*** Opening INFORMATION PROVIDED ***
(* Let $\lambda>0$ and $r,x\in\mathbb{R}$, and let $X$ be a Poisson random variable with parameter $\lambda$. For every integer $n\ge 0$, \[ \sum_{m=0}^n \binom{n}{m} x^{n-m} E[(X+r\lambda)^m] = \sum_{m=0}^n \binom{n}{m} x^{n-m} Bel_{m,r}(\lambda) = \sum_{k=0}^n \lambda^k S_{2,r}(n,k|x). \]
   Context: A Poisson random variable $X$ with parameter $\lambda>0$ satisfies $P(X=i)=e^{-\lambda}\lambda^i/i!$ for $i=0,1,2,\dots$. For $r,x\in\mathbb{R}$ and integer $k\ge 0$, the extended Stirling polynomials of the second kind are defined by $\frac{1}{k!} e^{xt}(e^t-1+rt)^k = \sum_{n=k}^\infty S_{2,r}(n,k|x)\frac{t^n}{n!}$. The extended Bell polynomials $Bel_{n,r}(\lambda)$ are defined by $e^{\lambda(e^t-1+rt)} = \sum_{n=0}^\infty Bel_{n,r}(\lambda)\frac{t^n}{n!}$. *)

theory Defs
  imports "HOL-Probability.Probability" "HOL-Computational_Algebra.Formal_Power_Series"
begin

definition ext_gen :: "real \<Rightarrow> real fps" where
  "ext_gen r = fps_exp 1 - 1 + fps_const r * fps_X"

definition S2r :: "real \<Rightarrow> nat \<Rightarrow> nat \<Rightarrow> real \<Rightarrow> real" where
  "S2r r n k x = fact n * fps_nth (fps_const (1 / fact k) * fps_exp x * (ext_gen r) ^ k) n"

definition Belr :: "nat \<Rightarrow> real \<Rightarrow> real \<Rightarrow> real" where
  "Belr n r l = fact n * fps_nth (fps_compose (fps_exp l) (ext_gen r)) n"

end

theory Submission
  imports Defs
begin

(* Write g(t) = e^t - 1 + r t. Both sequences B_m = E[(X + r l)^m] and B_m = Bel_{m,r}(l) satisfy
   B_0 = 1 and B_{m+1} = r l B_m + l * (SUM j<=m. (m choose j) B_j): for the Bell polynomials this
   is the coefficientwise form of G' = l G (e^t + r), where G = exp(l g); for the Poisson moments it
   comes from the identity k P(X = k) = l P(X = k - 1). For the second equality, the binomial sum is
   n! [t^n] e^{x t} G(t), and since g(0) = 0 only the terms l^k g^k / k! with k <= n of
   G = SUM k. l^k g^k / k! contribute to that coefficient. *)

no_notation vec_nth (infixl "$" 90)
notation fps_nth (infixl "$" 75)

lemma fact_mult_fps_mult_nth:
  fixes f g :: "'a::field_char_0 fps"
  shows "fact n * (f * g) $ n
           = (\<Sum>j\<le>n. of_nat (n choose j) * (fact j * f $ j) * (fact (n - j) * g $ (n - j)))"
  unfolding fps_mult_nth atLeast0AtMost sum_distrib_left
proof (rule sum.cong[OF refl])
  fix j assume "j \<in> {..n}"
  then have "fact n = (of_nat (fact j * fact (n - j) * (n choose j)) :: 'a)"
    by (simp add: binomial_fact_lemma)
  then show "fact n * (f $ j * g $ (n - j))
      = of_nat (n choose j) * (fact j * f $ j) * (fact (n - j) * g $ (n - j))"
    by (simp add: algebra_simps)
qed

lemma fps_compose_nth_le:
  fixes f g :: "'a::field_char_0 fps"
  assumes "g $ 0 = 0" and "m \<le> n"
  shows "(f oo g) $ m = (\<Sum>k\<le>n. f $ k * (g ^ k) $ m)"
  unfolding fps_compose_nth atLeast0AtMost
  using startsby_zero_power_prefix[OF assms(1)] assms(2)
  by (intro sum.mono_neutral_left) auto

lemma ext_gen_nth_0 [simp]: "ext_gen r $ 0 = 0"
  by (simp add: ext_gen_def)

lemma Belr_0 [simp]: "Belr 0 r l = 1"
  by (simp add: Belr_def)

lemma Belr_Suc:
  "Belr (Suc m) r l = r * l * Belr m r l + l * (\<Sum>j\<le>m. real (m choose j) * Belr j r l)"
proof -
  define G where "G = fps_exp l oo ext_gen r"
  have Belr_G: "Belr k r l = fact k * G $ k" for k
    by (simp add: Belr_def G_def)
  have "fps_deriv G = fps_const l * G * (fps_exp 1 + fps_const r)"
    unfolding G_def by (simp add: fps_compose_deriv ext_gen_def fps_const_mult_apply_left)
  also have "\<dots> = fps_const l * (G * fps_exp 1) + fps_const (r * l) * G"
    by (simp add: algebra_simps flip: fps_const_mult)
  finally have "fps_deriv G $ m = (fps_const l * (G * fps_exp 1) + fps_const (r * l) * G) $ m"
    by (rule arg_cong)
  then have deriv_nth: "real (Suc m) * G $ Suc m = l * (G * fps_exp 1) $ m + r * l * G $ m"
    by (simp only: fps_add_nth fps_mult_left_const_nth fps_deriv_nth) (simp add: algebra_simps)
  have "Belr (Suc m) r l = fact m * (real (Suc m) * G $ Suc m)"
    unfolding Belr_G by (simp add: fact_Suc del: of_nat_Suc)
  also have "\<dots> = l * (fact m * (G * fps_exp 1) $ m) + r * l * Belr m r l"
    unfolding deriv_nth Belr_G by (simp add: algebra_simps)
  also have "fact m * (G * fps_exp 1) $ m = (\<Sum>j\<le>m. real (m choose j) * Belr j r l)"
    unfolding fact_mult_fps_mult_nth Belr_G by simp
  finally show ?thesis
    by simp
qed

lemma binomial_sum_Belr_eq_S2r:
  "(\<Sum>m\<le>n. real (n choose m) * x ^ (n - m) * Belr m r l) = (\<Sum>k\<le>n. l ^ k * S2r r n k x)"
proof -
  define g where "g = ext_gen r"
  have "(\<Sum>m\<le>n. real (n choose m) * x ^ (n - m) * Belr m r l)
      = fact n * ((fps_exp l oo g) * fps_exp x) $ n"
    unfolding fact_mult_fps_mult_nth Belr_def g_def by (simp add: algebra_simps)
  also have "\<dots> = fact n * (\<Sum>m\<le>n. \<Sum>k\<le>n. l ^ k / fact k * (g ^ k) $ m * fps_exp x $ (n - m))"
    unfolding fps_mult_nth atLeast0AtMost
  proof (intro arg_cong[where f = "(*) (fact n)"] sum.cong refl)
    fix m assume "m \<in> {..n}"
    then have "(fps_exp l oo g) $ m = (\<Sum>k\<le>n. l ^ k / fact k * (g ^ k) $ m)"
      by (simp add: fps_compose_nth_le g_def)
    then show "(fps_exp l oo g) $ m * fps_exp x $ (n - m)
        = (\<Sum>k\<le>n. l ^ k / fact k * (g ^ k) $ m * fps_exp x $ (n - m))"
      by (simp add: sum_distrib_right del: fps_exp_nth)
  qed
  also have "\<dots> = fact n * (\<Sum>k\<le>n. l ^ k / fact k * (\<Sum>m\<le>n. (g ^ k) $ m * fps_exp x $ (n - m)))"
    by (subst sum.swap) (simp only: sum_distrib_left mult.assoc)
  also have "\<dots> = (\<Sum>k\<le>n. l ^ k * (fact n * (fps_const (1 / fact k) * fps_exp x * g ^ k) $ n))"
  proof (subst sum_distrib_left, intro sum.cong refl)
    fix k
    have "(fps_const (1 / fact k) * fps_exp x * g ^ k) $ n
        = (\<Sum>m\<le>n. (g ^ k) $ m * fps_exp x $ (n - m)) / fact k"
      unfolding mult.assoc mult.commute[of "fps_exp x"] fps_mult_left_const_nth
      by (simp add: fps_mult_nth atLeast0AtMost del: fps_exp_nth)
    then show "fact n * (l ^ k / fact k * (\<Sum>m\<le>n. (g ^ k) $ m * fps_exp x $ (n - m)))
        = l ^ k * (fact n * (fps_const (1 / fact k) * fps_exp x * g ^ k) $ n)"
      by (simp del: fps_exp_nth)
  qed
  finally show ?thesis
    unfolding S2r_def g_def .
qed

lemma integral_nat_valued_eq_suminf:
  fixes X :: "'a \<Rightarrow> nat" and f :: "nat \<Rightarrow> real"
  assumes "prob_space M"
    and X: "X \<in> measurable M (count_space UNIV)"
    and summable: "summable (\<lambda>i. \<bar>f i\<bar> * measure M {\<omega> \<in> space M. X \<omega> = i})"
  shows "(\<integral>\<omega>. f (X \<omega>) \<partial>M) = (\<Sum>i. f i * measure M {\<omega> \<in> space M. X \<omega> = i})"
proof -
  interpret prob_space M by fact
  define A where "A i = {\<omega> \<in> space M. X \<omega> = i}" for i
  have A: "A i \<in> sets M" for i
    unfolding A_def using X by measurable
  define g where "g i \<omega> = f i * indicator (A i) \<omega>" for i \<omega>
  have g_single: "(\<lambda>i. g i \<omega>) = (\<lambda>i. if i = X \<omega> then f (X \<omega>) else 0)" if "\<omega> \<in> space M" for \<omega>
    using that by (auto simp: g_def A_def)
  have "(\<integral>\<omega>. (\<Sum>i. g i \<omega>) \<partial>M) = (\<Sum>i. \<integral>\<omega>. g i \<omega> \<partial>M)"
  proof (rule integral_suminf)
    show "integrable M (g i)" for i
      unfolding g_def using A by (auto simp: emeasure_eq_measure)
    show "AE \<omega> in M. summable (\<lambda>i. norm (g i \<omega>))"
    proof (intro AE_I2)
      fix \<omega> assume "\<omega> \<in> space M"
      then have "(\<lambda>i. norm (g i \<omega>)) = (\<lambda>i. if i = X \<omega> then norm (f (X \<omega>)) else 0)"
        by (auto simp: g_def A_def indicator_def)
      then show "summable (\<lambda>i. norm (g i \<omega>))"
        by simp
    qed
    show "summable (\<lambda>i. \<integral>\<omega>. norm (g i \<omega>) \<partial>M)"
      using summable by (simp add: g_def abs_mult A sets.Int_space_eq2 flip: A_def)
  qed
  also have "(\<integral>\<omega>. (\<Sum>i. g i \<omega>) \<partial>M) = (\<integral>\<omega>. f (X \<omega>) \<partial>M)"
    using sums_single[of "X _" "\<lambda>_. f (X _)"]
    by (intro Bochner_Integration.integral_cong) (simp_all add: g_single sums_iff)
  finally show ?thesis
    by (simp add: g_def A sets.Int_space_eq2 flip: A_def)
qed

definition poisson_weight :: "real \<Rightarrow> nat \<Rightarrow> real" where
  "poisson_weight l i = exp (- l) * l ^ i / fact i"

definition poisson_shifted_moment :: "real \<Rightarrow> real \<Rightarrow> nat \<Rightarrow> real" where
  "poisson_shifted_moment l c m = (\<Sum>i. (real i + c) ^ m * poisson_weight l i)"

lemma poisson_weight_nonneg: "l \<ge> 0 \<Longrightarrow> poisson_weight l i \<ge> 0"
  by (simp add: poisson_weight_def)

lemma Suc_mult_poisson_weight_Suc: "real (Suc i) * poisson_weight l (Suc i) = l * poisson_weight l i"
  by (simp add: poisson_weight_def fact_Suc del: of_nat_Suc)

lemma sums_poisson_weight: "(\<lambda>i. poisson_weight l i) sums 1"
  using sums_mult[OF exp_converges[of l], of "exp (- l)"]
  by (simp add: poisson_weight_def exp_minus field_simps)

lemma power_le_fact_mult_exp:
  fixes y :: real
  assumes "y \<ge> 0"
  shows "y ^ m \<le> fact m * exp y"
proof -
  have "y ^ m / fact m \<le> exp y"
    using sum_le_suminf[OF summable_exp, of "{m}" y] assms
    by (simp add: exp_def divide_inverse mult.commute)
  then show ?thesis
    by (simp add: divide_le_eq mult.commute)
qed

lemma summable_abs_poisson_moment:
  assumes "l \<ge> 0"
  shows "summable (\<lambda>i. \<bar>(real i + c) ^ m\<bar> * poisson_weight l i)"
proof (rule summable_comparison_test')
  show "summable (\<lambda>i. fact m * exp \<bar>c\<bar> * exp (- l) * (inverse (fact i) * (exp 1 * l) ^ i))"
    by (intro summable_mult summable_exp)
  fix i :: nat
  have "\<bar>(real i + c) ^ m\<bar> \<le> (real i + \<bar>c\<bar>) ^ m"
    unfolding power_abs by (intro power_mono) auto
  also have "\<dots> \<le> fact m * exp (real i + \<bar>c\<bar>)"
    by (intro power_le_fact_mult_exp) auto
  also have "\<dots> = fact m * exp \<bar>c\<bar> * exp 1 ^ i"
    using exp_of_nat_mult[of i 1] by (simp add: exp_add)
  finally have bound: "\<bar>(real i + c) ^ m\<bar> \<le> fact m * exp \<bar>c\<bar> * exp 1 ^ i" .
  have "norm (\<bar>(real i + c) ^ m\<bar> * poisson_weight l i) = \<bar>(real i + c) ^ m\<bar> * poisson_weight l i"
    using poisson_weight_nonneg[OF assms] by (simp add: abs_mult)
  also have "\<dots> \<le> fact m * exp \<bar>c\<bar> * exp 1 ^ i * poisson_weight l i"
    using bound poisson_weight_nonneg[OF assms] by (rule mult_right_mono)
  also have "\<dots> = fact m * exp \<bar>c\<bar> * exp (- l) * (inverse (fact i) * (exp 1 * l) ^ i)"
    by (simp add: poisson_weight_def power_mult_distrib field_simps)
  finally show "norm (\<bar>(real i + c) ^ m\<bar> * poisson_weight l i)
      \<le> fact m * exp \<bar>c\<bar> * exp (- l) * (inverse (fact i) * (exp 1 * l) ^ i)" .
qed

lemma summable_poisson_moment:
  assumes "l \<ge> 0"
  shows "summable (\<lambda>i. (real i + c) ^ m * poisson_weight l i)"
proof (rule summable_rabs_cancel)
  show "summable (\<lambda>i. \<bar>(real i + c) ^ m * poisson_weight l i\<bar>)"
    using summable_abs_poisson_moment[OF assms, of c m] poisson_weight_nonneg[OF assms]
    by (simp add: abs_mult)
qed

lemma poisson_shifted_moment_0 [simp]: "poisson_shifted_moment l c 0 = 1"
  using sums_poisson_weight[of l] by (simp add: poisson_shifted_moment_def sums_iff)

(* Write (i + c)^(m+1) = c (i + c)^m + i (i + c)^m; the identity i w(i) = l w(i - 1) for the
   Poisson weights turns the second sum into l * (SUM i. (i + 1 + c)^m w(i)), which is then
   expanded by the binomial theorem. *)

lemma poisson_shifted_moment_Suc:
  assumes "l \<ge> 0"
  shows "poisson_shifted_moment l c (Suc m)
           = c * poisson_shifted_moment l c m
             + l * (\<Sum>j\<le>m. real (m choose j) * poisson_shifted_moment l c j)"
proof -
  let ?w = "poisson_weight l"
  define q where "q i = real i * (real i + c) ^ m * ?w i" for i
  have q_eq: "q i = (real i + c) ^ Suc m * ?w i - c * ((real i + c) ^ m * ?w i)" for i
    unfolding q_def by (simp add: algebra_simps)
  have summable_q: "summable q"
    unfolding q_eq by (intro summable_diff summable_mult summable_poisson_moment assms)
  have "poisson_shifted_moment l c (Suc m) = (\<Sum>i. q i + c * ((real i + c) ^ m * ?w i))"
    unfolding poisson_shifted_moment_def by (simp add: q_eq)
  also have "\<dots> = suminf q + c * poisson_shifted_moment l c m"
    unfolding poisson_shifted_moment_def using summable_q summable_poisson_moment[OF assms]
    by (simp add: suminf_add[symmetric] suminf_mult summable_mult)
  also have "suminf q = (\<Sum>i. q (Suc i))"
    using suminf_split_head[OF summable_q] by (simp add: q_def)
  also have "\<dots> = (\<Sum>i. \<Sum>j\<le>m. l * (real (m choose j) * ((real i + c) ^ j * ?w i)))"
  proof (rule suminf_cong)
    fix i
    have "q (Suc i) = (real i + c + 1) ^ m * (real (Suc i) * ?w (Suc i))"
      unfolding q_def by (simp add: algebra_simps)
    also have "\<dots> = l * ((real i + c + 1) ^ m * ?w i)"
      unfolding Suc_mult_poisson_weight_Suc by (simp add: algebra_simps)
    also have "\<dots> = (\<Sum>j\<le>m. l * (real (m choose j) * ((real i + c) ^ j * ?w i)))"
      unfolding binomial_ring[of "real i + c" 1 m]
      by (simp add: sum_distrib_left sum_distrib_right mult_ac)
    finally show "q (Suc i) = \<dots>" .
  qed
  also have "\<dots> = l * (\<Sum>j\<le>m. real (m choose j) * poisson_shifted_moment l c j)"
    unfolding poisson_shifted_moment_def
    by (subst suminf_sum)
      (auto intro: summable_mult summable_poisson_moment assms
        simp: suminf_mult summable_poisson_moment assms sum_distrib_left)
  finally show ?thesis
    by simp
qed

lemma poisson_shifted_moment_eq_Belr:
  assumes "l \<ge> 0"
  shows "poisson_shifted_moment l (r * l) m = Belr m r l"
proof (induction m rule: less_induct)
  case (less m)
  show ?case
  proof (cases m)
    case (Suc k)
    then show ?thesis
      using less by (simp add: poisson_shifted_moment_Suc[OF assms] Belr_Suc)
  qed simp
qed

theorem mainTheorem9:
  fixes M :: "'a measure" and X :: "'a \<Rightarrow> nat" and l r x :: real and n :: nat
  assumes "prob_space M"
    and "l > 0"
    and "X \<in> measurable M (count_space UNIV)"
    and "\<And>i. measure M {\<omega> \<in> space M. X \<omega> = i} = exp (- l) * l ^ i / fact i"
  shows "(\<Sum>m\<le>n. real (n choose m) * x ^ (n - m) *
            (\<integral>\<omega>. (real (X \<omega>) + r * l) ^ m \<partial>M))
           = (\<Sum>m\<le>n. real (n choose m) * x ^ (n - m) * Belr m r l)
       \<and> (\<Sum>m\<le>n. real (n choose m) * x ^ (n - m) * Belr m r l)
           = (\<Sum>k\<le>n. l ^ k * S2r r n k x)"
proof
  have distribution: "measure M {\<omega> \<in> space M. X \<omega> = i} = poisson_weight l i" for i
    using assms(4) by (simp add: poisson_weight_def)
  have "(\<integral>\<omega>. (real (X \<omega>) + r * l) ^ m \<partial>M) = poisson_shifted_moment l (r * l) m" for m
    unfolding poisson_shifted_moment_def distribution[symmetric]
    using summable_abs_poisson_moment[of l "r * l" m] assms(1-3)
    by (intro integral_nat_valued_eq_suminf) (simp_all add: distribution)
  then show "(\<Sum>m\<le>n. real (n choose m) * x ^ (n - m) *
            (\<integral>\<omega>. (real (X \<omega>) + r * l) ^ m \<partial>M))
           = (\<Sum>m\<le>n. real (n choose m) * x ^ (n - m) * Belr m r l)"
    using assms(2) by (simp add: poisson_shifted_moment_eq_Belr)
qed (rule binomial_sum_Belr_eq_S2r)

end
*** Closing INFORMATION PROVIDED ***
*** Opening INFORMATION PROVIDED ***
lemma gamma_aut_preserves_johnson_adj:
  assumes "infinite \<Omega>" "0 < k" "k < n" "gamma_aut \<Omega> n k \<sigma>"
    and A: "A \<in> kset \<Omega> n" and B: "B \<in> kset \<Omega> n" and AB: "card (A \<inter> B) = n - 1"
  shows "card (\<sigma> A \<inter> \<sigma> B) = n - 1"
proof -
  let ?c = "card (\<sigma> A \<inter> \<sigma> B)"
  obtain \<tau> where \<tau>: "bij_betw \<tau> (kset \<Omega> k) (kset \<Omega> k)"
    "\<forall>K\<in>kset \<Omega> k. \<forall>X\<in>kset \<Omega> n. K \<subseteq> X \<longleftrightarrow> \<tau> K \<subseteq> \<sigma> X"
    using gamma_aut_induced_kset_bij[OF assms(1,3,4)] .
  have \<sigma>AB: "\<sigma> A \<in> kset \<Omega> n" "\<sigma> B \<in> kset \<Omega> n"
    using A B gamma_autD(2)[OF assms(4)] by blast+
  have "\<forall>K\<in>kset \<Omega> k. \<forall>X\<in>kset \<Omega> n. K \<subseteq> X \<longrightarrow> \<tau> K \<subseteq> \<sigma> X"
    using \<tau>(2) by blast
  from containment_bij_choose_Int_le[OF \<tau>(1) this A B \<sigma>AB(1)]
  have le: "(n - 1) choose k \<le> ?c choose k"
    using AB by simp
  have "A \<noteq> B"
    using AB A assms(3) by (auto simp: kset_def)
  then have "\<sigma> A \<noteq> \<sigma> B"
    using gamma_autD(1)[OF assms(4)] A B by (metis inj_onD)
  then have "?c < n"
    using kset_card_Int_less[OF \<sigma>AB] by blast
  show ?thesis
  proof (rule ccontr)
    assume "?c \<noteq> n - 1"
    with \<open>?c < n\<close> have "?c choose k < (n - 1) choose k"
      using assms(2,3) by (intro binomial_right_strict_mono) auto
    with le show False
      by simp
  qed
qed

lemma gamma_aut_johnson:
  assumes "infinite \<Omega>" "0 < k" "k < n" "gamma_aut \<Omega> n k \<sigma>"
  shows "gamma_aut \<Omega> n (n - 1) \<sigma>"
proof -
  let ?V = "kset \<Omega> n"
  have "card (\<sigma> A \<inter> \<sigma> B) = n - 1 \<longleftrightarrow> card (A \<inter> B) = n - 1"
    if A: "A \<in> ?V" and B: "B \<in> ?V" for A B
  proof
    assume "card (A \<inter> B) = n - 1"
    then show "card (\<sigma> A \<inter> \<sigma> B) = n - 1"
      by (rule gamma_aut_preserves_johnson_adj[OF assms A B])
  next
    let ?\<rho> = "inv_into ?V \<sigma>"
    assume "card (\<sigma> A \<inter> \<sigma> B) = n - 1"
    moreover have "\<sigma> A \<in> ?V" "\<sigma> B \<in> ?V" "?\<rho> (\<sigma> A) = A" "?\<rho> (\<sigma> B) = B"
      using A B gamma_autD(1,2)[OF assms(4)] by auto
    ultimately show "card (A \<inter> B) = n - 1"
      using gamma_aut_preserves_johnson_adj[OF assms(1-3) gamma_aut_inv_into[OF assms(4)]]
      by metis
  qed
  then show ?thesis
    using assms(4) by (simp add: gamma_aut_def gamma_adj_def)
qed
*** Closing INFORMATION PROVIDED ***
◆ **INSTRUCTIONS FOR THE TASK**:
The lines to extract from the data above begin with the line containing "(* Let $\lambda>0$" and end with the line containing "B_0 = 1 and". Extract them exactly, including both.

◆ **ANSWER FOR THIS EXERCISE**:
(* Let $\lambda>0$ and $r,x\in\mathbb{R}$, and let $X$ be a Poisson random variable with parameter $\lambda$. For every integer $n\ge 0$, \[ \sum_{m=0}^n \binom{n}{m} x^{n-m} E[(X+r\lambda)^m] = \sum_{m=0}^n \binom{n}{m} x^{n-m} Bel_{m,r}(\lambda) = \sum_{k=0}^n \lambda^k S_{2,r}(n,k|x). \]
   Context: A Poisson random variable $X$ with parameter $\lambda>0$ satisfies $P(X=i)=e^{-\lambda}\lambda^i/i!$ for $i=0,1,2,\dots$. For $r,x\in\mathbb{R}$ and integer $k\ge 0$, the extended Stirling polynomials of the second kind are defined by $\frac{1}{k!} e^{xt}(e^t-1+rt)^k = \sum_{n=k}^\infty S_{2,r}(n,k|x)\frac{t^n}{n!}$. The extended Bell polynomials $Bel_{n,r}(\lambda)$ are defined by $e^{\lambda(e^t-1+rt)} = \sum_{n=0}^\infty Bel_{n,r}(\lambda)\frac{t^n}{n!}$. *)

theory Defs
  imports "HOL-Probability.Probability" "HOL-Computational_Algebra.Formal_Power_Series"
begin

definition ext_gen :: "real \<Rightarrow> real fps" where
  "ext_gen r = fps_exp 1 - 1 + fps_const r * fps_X"

definition S2r :: "real \<Rightarrow> nat \<Rightarrow> nat \<Rightarrow> real \<Rightarrow> real" where
  "S2r r n k x = fact n * fps_nth (fps_const (1 / fact k) * fps_exp x * (ext_gen r) ^ k) n"

definition Belr :: "nat \<Rightarrow> real \<Rightarrow> real \<Rightarrow> real" where
  "Belr n r l = fact n * fps_nth (fps_compose (fps_exp l) (ext_gen r)) n"

end

theory Submission
  imports Defs
begin

(* Write g(t) = e^t - 1 + r t. Both sequences B_m = E[(X + r l)^m] and B_m = Bel_{m,r}(l) satisfy
   B_0 = 1 and B_{m+1} = r l B_m + l * (SUM j<=m. (m choose j) B_j): for the Bell polynomials this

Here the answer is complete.